Kajian
kita kali ini adalah tentang khilafah. Dimana kajian kita ini bersentral kepada
sebuah hadits tentang Lima Fase Zaman riwayat Ahmad yang banyak menjadi rujukan
para pengusung khilafah. Berikut isi dari pada hadits tersebut:
“Adalah masa Kenabian itu ada di tengah-tengah kamu sekalian, adanya atas kehendak Allah, kemudian Allah mengangkatnya apabila Ia menghendaki untuk mengangkatnya. Kemudian adalah masa Khilafah ‘ala minhajin Nubuwwah (Pemerintahan yang mengikuti jejak kenabian) adanya atas kehendak Allah. Kemudian Allah mengangkatnya apabila Ia menghendaki untuk mengangkatnya. Kemudian adalah masa Mulkan ‘Adlon (Kerajaan yang menggigit), adanya atas kehendak Allah. Kemudian Allah mengangkatnya apabila Ia menghendaki untuk mengangkatnya. Kemudian adalah masa Mulkan Jabbariyah (Kerajaan yang zalim), adanya atas kehendak Allah.
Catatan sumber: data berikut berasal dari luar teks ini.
lemma strict_local_bound:
  fixes A :: "'i::finite \<Rightarrow> 'a set" and p :: "'i \<Rightarrow> 's::finite \<Rightarrow> 'a \<Rightarrow> real"
    and v :: "'i \<Rightarrow> 's \<Rightarrow> 'a \<Rightarrow> ('i \<Rightarrow> 's \<Rightarrow> 'a \<Rightarrow> real) \<Rightarrow> real"
  assumes fin: "\<And>i. finite (A i)" and p: "p \<in> policies A"
    and pure: "\<forall>i s. \<exists>b\<in>A i. \<forall>c\<in>A i. p i s c = (if c = b then 1 else 0)"
    and strict: "\<forall>q\<in>policies A - {p}. pinner A (\<lambda>i s b. v i s b p) (pdiff q p) < 0"
    and cont: "\<And>i s b. b \<in> A i \<Longrightarrow> (v i s b \<longlongrightarrow> v i s b p) (pnhds A p)"
  shows "\<exists>mu>0. \<exists>delta>0. \<forall>q\<in>policies A. pnorm A (pdiff q p) < delta \<longrightarrow>
            pinner A (\<lambda>i s b. v i s b q) (pdiff q p) \<le> - mu * pnorm A (pdiff q p)"
proof -
  obtain bs where bs: "\<And>i s. bs i s \<in> A i"
    "\<And>i s c. c \<in> A i \<Longrightarrow> p i s c = (if c = bs i s then 1 else 0)"
    using pure by metis
  define vp where "vp i s b = v i s b p" for i s b
  define Gaps where
    "Gaps = (\<lambda>(i, s, b). vp i s (bs i s) - vp i s b) ` {(i, s, b) \<in> coords A. b \<noteq> bs i s}"
  have "finite (coords A :: ('i \<times> 's \<times> 'a) set)"
    by (rule finite_coords[OF fin])
  then have "finite Gaps"
    unfolding Gaps_def by (rule finite_imageI[OF finite_subset, rotated]) auto
  define c where "c = Min (insert 1 Gaps)"
  have "0 < c"
    unfolding c_def using \<open>finite Gaps\<close> strict_imp_gradient_gap[OF fin p bs strict]
    by (auto simp: Gaps_def vp_def)
  have gap: "vp i s b - vp i s (bs i s) \<le> - c" if "b \<in> A i" "b \<noteq> bs i s" for i s b
  proof -
    have "c \<le> vp i s (bs i s) - vp i s b"
      unfolding c_def using \<open>finite Gaps\<close> that by (intro Min_le) (auto simp: Gaps_def image_iff)
    then show ?thesis
      by simp
  qed
  have "eventually (\<lambda>y. \<forall>i s. \<forall>b\<in>A i. \<bar>v i s b y - vp i s b\<bar> < c / 4) (pnhds A p)"
    using \<open>0 < c\<close> unfolding vp_def
    by (intro eventually_forall_coords[OF fin] eventually_pnhds_dist_less cont) auto
  then obtain delta where "0 < delta"
    and close: "\<And>y. pnorm A (pdiff y p) < delta \<Longrightarrow>
      \<forall>i s. \<forall>b\<in>A i. \<bar>v i s b y - vp i s b\<bar> < c / 4"
    unfolding eventually_pnhds_iff by blast
  have "pinner A (\<lambda>i s b. v i s b q) (pdiff q p) \<le> - (c / 4) * pnorm A (pdiff q p)"
    if q: "q \<in> policies A" and small: "pnorm A (pdiff q p) < delta" for q
  proof -
    have "pinner A (\<lambda>i s b. v i s b q) (pdiff q p)
        = pinner A vp (pdiff q p) + pinner A (\<lambda>i s b. v i s b q - vp i s b) (pdiff q p)"
      using pinner_diff_left[of A "\<lambda>i s b. v i s b q" "pdiff q p" vp] by simp
    also have "\<dots> \<le> - (c / 2) * pnorm1 A (pdiff q p) + c / 4 * pnorm1 A (pdiff q p)"
      using pinner_le_neg_pnorm1_of_gap[where X=vp, OF fin q bs gap] \<open>0 < c\<close>
        pinner_le_pnorm1[of A "\<lambda>i s b. v i s b q - vp i s b" "c / 4" "pdiff q p"] close[OF small]
      by (force intro: add_mono less_imp_le)
    also have "\<dots> \<le> - (c / 4) * pnorm A (pdiff q p)"
      using pnorm_le_pnorm1[where d="pdiff q p", OF fin] \<open>0 < c\<close> by simp
    finally show ?thesis .
  qed
  then show ?thesis
    using \<open>0 < c\<close> \<open>0 < delta\<close> by (intro exI[of _ "c / 4"] exI[of _ delta]) auto
qed

subsection \<open>Second-order stationary equilibria\<close>

lemma quad_form_le_pnorm_sq:
  fixes A :: "'i::finite \<Rightarrow> 'a set" and d :: "'i \<Rightarrow> 's::finite \<Rightarrow> 'a \<Rightarrow> real"
  assumes fin: "\<And>i. finite (A i)" and "0 \<le> e"
    and "\<And>i s b j s' c. b \<in> A i \<Longrightarrow> c \<in> A j \<Longrightarrow> \<bar>E i s b j s' c\<bar> \<le> e"
  shows "quad_form A E d \<le> e * card (coords A :: ('i \<times> 's \<times> 'a) set) * (pnorm A d)\<^sup>2"
proof -
  define N where "N = real (card (coords A :: ('i \<times> 's \<times> 'a) set))"
  have "pnorm1 A d * pnorm1 A d \<le> (sqrt N * pnorm A d) * (sqrt N * pnorm A d)"
    using pnorm1_le_sqrt_card_pnorm[of A d, OF fin] pnorm1_nonneg[of A d]
    unfolding N_def by (intro mult_mono) auto
  also have "\<dots> = N * (pnorm A d)\<^sup>2"
    by (simp add: N_def power2_eq_square mult_ac)
  finally have "e * (pnorm1 A d * pnorm1 A d) \<le> e * (N * (pnorm A d)\<^sup>2)"
    using \<open>0 \<le> e\<close> by (rule mult_left_mono)
  then show ?thesis
    using quad_form_le_pnorm1[of A E e d] assms(3) by (simp add: N_def mult.assoc)
qed

lemma pinner_mean_value:
  fixes A :: "'i::finite \<Rightarrow> 'a set" and p q :: "'i \<Rightarrow> 's::finite \<Rightarrow> 'a \<Rightarrow> real"
  assumes U: "policies A \<subseteq> U" and D: "\<And>i s b. b \<in> A i \<Longrightarrow> has_pgrad A U (v i s b) (H i s b)"
    and p: "p \<in> policies A" and q: "q \<in> policies A"
  obtains t where "0 < t" "t < 1"
    "pinner A (\<lambda>i s b. v i s b q) (pdiff q p) = pinner A (\<lambda>i s b. v i s b p) (pdiff q p)
       + quad_form A (\<lambda>i s b j s' c. H i s b j s' c (pline p t (pdiff q p))) (pdiff q p)"
proof -
  define d where "d = pdiff q p"
  define \<phi> where "\<phi> u = (\<Sum>i\<in>UNIV. \<Sum>s\<in>UNIV. \<Sum>b\<in>A i. v i s b (pline p u d) * d i s b)" for u
  define \<phi>' where "\<phi>' u = quad_form A (\<lambda>i s b j s' c. H i s b j s' c (pline p u d)) d" for u
  have "DERIV \<phi> u :> \<phi>' u" if "0 \<le> u" "u \<le> 1" for u
  proof -
    have "pline p u d \<in> U"
      using policies_convex[OF p q that] U unfolding d_def by blast
    then have "DERIV \<phi> u :> (\<Sum>i\<in>UNIV. \<Sum>s\<in>UNIV. \<Sum>b\<in>A i.
        pinner A d (\<lambda>j s' c. H i s b j s' c (pline p u d)) * d i s b)"
      unfolding \<phi>_def by (intro DERIV_sum DERIV_cmult_right has_pgrad_DERIV_along_line[OF D])
    also have "(\<Sum>i\<in>UNIV. \<Sum>s\<in>UNIV. \<Sum>b\<in>A i. pinner A d (\<lambda>j s' c. H i s b j s' c (pline p u d)) * d i s b)
        = \<phi>' u"
      unfolding \<phi>'_def quad_form_def pinner_def by (simp add: sum_distrib_right sum_distrib_left mult_ac)
    finally show ?thesis .
  qed
  then obtain t where "0 < t" "t < 1" "\<phi> 1 - \<phi> 0 = (1 - 0) * \<phi>' t"
    using MVT2[of 0 1 \<phi> \<phi>'] by auto
  then show ?thesis
    by (intro that[of t]) (auto simp: \<phi>_def \<phi>'_def d_def pinner_def)
qed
Kemudian Allah mengangkatnya, apabila Ia menghendaki untuk mengangkatnya. Kemudian adalah masa Khilafah ‘ala minhajin nubuwwah (Pemerintahan yang mengikuti jejak kenabian).” Kemudian beliau diam.” (HR. Ahmad)
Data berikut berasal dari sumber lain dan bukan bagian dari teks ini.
lemma tail_sum_Suc:
  assumes "(\<lambda>n. norm (a n)) summable_on UNIV"
  shows "tail_sum a k = a k + tail_sum a (Suc k)"
proof -
  have "{k..} = insert k {Suc k..}" by auto
  then show ?thesis unfolding tail_sum_def
    using infsum_insert[OF norm_summable_on_subset[OF assms], of k "{Suc k..}"] by simp
qed

text \<open>Coordinates of a min-convolution: the pairs with \<open>min m n = k\<close> are \<open>{k} \<times> {k..}\<close> and
  \<open>{k+1..} \<times> {k}\<close>.\<close>
lemma minconv_eq:
  fixes a b :: "nat \<Rightarrow> complex"
  assumes a: "(\<lambda>n. norm (a n)) summable_on UNIV" and b: "(\<lambda>n. norm (b n)) summable_on UNIV"
  shows "minconv a b k = a k * tail_sum b k + b k * tail_sum a (Suc k)"
proof -
  define F where "F = (\<lambda>(i,j). a i * b j)"
  have F: "F summable_on A" for A
    unfolding F_def by (rule product_summable_on[OF a b])
  have split: "{(m, n). min m n = k} = Sigma {k} (\<lambda>_. {k..}) \<union> Sigma {Suc k..} (\<lambda>_. {k})"
    by auto
  have "minconv a b k = infsum F {(m, n). min m n = k}"
    by (simp add: minconv_def F_def)
  also have "\<dots> = infsum F (Sigma {k} (\<lambda>_. {k..})) + infsum F (Sigma {Suc k..} (\<lambda>_. {k}))"
    unfolding split by (rule infsum_Un_disjoint[OF F F]) auto
  also have "infsum F (Sigma {k} (\<lambda>_. {k..})) = (\<Sum>\<^sub>\<infinity>j\<in>{k..}. a k * b j)"
    by (subst infsum_Sigma_banach[symmetric, OF F]) (simp add: F_def)
  also have "infsum F (Sigma {Suc k..} (\<lambda>_. {k})) = (\<Sum>\<^sub>\<infinity>i\<in>{Suc k..}. a i * b k)"
    by (subst infsum_Sigma_banach[symmetric, OF F]) (simp add: F_def)
  finally show ?thesis
    by (simp add: tail_sum_def infsum_cmult_right' infsum_cmult_left' mult.commute)
qed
Nah jika benar akan datang satu era dimana khilafah ala minhajin nubuwwah akan hadir di tengah-tengah kita sebagaimana dikabarkan oleh hadits di atas, pertanyaan pentingnya adalah: siapakah yang dimaksud dan dengan ukuran apa kita mesti mengukur kebenarannya?
Untuk
menjawab pertanyaan tersebut kita memang hanya memiliki dua alat ukur. Yaitu
Al-Qur'an dan As Sunnah. Namun begitu terkait As-Sunnah ini tentu tidak boleh
disempitkan menjadi hanya sebatas teks yang tertera pada buku-buku hadits saja.
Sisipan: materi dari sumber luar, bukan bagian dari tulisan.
(* There are absolute constants $c_1,c_2>0$ such that for infinitely many $n$ there exist integers $b_1,\dots,b_n\ge 0$ with $b_1+\dots+b_n=n-1$ such that $(b_1,\dots,b_n)$-BG has an equilibrium graph in the SUM version whose diameter $d$ satisfies $c_1\log n\le d\le c_2\log n$.
   Context: Bounded budget network creation game $(b_1,\dots,b_n)$-BG: $n$ players with integer budgets $0\le b_i\le n-1$. A strategy of player $i$ is a set $S_i\subseteq\{1,\dots,n\}\setminus\{i\}$ with $|S_i|=b_i$; a profile is realized by the directed graph $G$ on $u_1,\dots,u_n$ with an arc $\overrightarrow{u_iu_j}$ iff $j\in S_i$. $U(G)$ is the undirected multigraph obtained by ignoring directions; $\operatorname{dist}(u,v)$ is the distance in $U(G)$, defined as $n^2$ between different components. SUM cost: $c_{SUM}(u)=\sum_v\operatorname{dist}(u,v)$. An equilibrium graph in the SUM version is a realization in which no vertex can decrease its SUM cost by changing its own strategy while the other strategies are fixed. The diameter is the maximum distance between two vertices. Logarithms are base 2. *)

theory Defs
  imports Complex_Main
begin

text \<open>Players/vertices are 0,...,n-1. A profile is S :: nat => nat set, S i being
the strategy of player i. Budgets b :: nat => nat (only values below n matter).\<close>

definition is_strategy :: "nat \<Rightarrow> (nat \<Rightarrow> nat) \<Rightarrow> nat \<Rightarrow> nat set \<Rightarrow> bool" where
  "is_strategy n b i T \<longleftrightarrow> T \<subseteq> {..<n} - {i} \<and> card T = b i"

definition is_profile :: "nat \<Rightarrow> (nat \<Rightarrow> nat) \<Rightarrow> (nat \<Rightarrow> nat set) \<Rightarrow> bool" where
  "is_profile n b S \<longleftrightarrow> (\<forall>i<n. is_strategy n b i (S i))"

definition adj :: "(nat \<Rightarrow> nat set) \<Rightarrow> nat \<Rightarrow> nat \<Rightarrow> bool" where
  "adj S u v \<longleftrightarrow> v \<in> S u \<or> u \<in> S v"

definition walk :: "nat \<Rightarrow> (nat \<Rightarrow> nat set) \<Rightarrow> nat \<Rightarrow> nat \<Rightarrow> nat \<Rightarrow> bool" where
  "walk n S k u v \<longleftrightarrow> (\<exists>p::nat \<Rightarrow> nat. p 0 = u \<and> p k = v \<and> (\<forall>i\<le>k. p i < n)
      \<and> (\<forall>i<k. adj S (p i) (p (Suc i))))"

definition gdist :: "nat \<Rightarrow> (nat \<Rightarrow> nat set) \<Rightarrow> nat \<Rightarrow> nat \<Rightarrow> nat" where
  "gdist n S u v = (if \<exists>k. walk n S k u v then (LEAST k. walk n S k u v) else n ^ 2)"

definition sum_cost :: "nat \<Rightarrow> (nat \<Rightarrow> nat set) \<Rightarrow> nat \<Rightarrow> nat" where
  "sum_cost n S u = (\<Sum>v<n. gdist n S u v)"

definition sum_equilibrium :: "nat \<Rightarrow> (nat \<Rightarrow> nat) \<Rightarrow> (nat \<Rightarrow> nat set) \<Rightarrow> bool" where
  "sum_equilibrium n b S \<longleftrightarrow> is_profile n b S \<and>
     (\<forall>i<n. \<forall>T. is_strategy n b i T \<longrightarrow> sum_cost n S i \<le> sum_cost n (S(i := T)) i)"

definition diameter :: "nat \<Rightarrow> (nat \<Rightarrow> nat set) \<Rightarrow> nat" where
  "diameter n S = Max {gdist n S u v | u v. u < n \<and> v < n}"

end

theory Submission
  imports Defs "HOL-Library.Infinite_Set"
begin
Tapi harus bersifat luas meliputi totalitas jejak atau sejarah dari pada
perjalanan hidup Rasulullah itu sendiri.
Kajian terhadap hadits 5 fase zaman
tersebut memang menjadi hal yang sangat menarik. Menariknya karena ini membuat
kita mau tidak mau harus mengkaji totalitas zaman. Mengkaji keseluruhan zaman
dari zaman kenabian; yang berarti dari zaman Nabi Adam sampai dengan zaman Nabi
Muhammad, dan terus sampai ke zaman kita hari ini.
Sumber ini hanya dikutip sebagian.